The final volume after combining both solutions will be 1.0 mL + 1.0 mL = 2.0 mL = 0.002 L.

Step 3: Calculate the moles of Cu2+ and NH3.
Moles of Cu2+ (nCu2+) = initial concentration (Ci) * volume (V)
= 0.200 M * 0.001 L
= 0.0002 moles

Moles of NH3 (nNH3) = initial concentration (Co) * volume (V)
= 15.0 M * 0.001 L
= 0.015 moles

Step 4: Define the change in moles.
Since the stoichiometric ratio between Cu2+ and Cu(NH3)42+ is 1:1, the change in moles of Cu2+ is the same as the change in moles of Cu(NH3)42+ formed.
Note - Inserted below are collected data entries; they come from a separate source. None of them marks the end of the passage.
lemma act_smul_letter: "act t (sA k a) m = (\<lambda>z. twist t k * act t a m z)"
  unfolding act_def lin_ext_scale_fun[symmetric]
  by (rule arg_cong[where f="\<lambda>f. lin_ext f m"]) (simp add: fun_eq_iff act_word_def side_mult_smul_left prepend_smul)

subsection \<open>The representation of the free product\<close>

primrec op_of :: "('a, 'b) fterm \<Rightarrow> ('a word \<Rightarrow> complex) \<Rightarrow> 'a word \<Rightarrow> complex" where
  "op_of (GenA a) = act False a"
| "op_of (GenB b) = act True (inv \<phi> b)"
| "op_of One = (\<lambda>m. m)"
| "op_of Zero = (\<lambda>m z. 0)"
| "op_of (Add x y) = (\<lambda>m z. op_of x m z + op_of y m z)"
| "op_of (Mul x y) = (\<lambda>m. op_of x (op_of y m))"
| "op_of (Smul c x) = (\<lambda>m z. c * op_of x m z)"

lemma op_of_linear: "fin_reduced m \<Longrightarrow> fin_reduced (op_of x m) \<and> op_of x m = lin_ext (\<lambda>w. op_of x (delta w)) m"
proof (induction x arbitrary: m)
  case (GenA a) then show ?case using fin_reduced_act[of m False a] by (simp add: act_def)
next
  case (GenB b) then show ?case using fin_reduced_act[of m True "inv \<phi> b"] by (simp add: act_def)
next
  case One then show ?case by (simp add: lin_ext_delta_id fin_reduced_def)
next
  case Zero then show ?case by (simp add: fin_reduced_zero lin_ext_zero_fun)
next
  case (Add x y)
  then have "fin_reduced (op_of x m)" "fin_reduced (op_of y m)"
    and "lin_ext (\<lambda>w. op_of x (delta w)) m = op_of x m" "lin_ext (\<lambda>w. op_of y (delta w)) m = op_of y m"
    by metis+
  then show ?case by (simp add: fin_reduced_add lin_ext_add_fun)
next
  case (Smul c x)
  then have "fin_reduced (op_of x m)" "lin_ext (\<lambda>w. op_of x (delta w)) m = op_of x m" by metis+
  then show ?case by (simp add: fin_reduced_scale lin_ext_scale_fun)
next
  case (Mul x y)
  have y_m: "fin_reduced (op_of y m)" using Mul by blast
  have y_delta: "fin_reduced (op_of y (delta w))" if "w \<in> supp m" for w
  proof -
    have "reduced w" using Mul.prems that by (simp add: fin_reduced_def)
    then show ?thesis using Mul.IH(2)[OF fin_reduced_delta] by blast
  qed
  have "op_of x (op_of y m) = lin_ext (\<lambda>w'. op_of x (delta w')) (lin_ext (\<lambda>w. op_of y (delta w)) m)"
    using Mul.IH(1)[OF y_m] Mul.IH(2)[OF Mul.prems] by simp
  also have "\<dots> = lin_ext (\<lambda>w. lin_ext (\<lambda>w'. op_of x (delta w')) (op_of y (delta w))) m"
    using Mul.prems y_delta by (intro lin_ext_lin_ext) (auto simp: fin_reduced_def)
  also have "\<dots> = lin_ext (\<lambda>w. op_of x (op_of y (delta w))) m"
    using Mul.IH(1) y_delta by (intro lin_ext_cong) metis
  finally have "op_of x (op_of y m) = lin_ext (\<lambda>w. op_of x (op_of y (delta w))) m" .
  moreover have "fin_reduced (op_of x (op_of y m))" using Mul.IH(1)[OF y_m] by blast
  ultimately show ?case unfolding op_of.simps by blast
qed

lemma fin_reduced_op_of: "fin_reduced m \<Longrightarrow> fin_reduced (op_of x m)"
  and op_of_eq_lin_ext: "fin_reduced m \<Longrightarrow> op_of x m = lin_ext (\<lambda>w. op_of x (delta w)) m"
  using op_of_linear by blast+

lemma op_of_add:
  "fin_reduced m1 \<Longrightarrow> fin_reduced m2 \<Longrightarrow> op_of x (\<lambda>z. m1 z + m2 z) = (\<lambda>z. op_of x m1 z + op_of x m2 z)"
  by (simp add: op_of_eq_lin_ext[of m1] op_of_eq_lin_ext[of m2] op_of_eq_lin_ext[OF fin_reduced_add]
      lin_ext_add fin_reduced_def)

lemma op_of_scale: "fin_reduced m \<Longrightarrow> op_of x (\<lambda>z. c * m z) = (\<lambda>z. c * op_of x m z)"
  by (simp add: op_of_eq_lin_ext[of m] op_of_eq_lin_ext[OF fin_reduced_scale] lin_ext_scale fin_reduced_def)

theorem op_of_fcong: "x \<approx> y \<Longrightarrow> fin_reduced m \<Longrightarrow> op_of x m = op_of y m"
proof (induction arbitrary: m rule: fcong.induct)
  case (cong_mul x x' y y')
  then show ?case using fin_reduced_op_of[of m y] by simp
next
  case (distrib_left x y z)
  then show ?case by (simp add: op_of_add fin_reduced_op_of)
next
  case (smul_mul_right x c y)
  then show ?case by (simp add: op_of_scale fin_reduced_op_of)
next
  case (genA_smul c a) then show ?case by (simp add: act_smul_letter twist_def)
next
  case (genA_mul a a') then show ?case by (simp add: act_act side_mult_def)
next
  case genA_one then show ?case by (simp add: act_1)
next
  case (genB_add b b') then show ?case by (simp add: act_add_letter inv_phi_add)
next
  case (genB_smul c b) then show ?case by (simp add: act_smul_letter twist_def inv_phi_smul)
next
  case (genB_mul b b') then show ?case by (simp add: act_act side_mult_def inv_phi_mult)
next
  case genB_one then show ?case by (simp add: act_1 inv_phi_one)
qed (simp_all add: fun_eq_iff algebra_simps act_add_letter)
Change in moles of Cu2+ (ΔnCu2+) = -nCu2+
= -0.0002 moles

Change in moles of NH3 (ΔnNH3) = -4 * nCu2+ (according to the stoichiometric ratio)
= -4 * (-0.0002) moles
= 0.0008 moles

Step 5: Calculate the equilibrium concentration of Cu2+.
Using the formation constant (Kf) and the relationship between the concentrations of Cu2+ and Cu(NH3)42+ at equilibrium, we have:
Kf = [Cu(NH3)42+]/([Cu2+][NH3]^4)

Let's assume x is the equilibrium concentration of Cu2+ (Cu(NH3)42+).
At equilibrium, [Cu2+] = Ci - ΔnCu2+ / V
= 0.200 M - (-0.0002 moles) / 0.002 L
= 0.200 M + 0.1 moles / 0.002 L
= 0.200 M + 50 M
= 50.200 M

Substituting these values into the formation constant equation:
Kf = x / (50.200 M * (15.0 M)^4)

Solving for x:
x = Kf * 50.200 M * (15.0 M)^4
x = (5.0 x 10^12) * 50.200 M * (15.0 M)^4
x = 37.65 M

Therefore, the equilibrium concentration of Cu2+ is 37.65 M.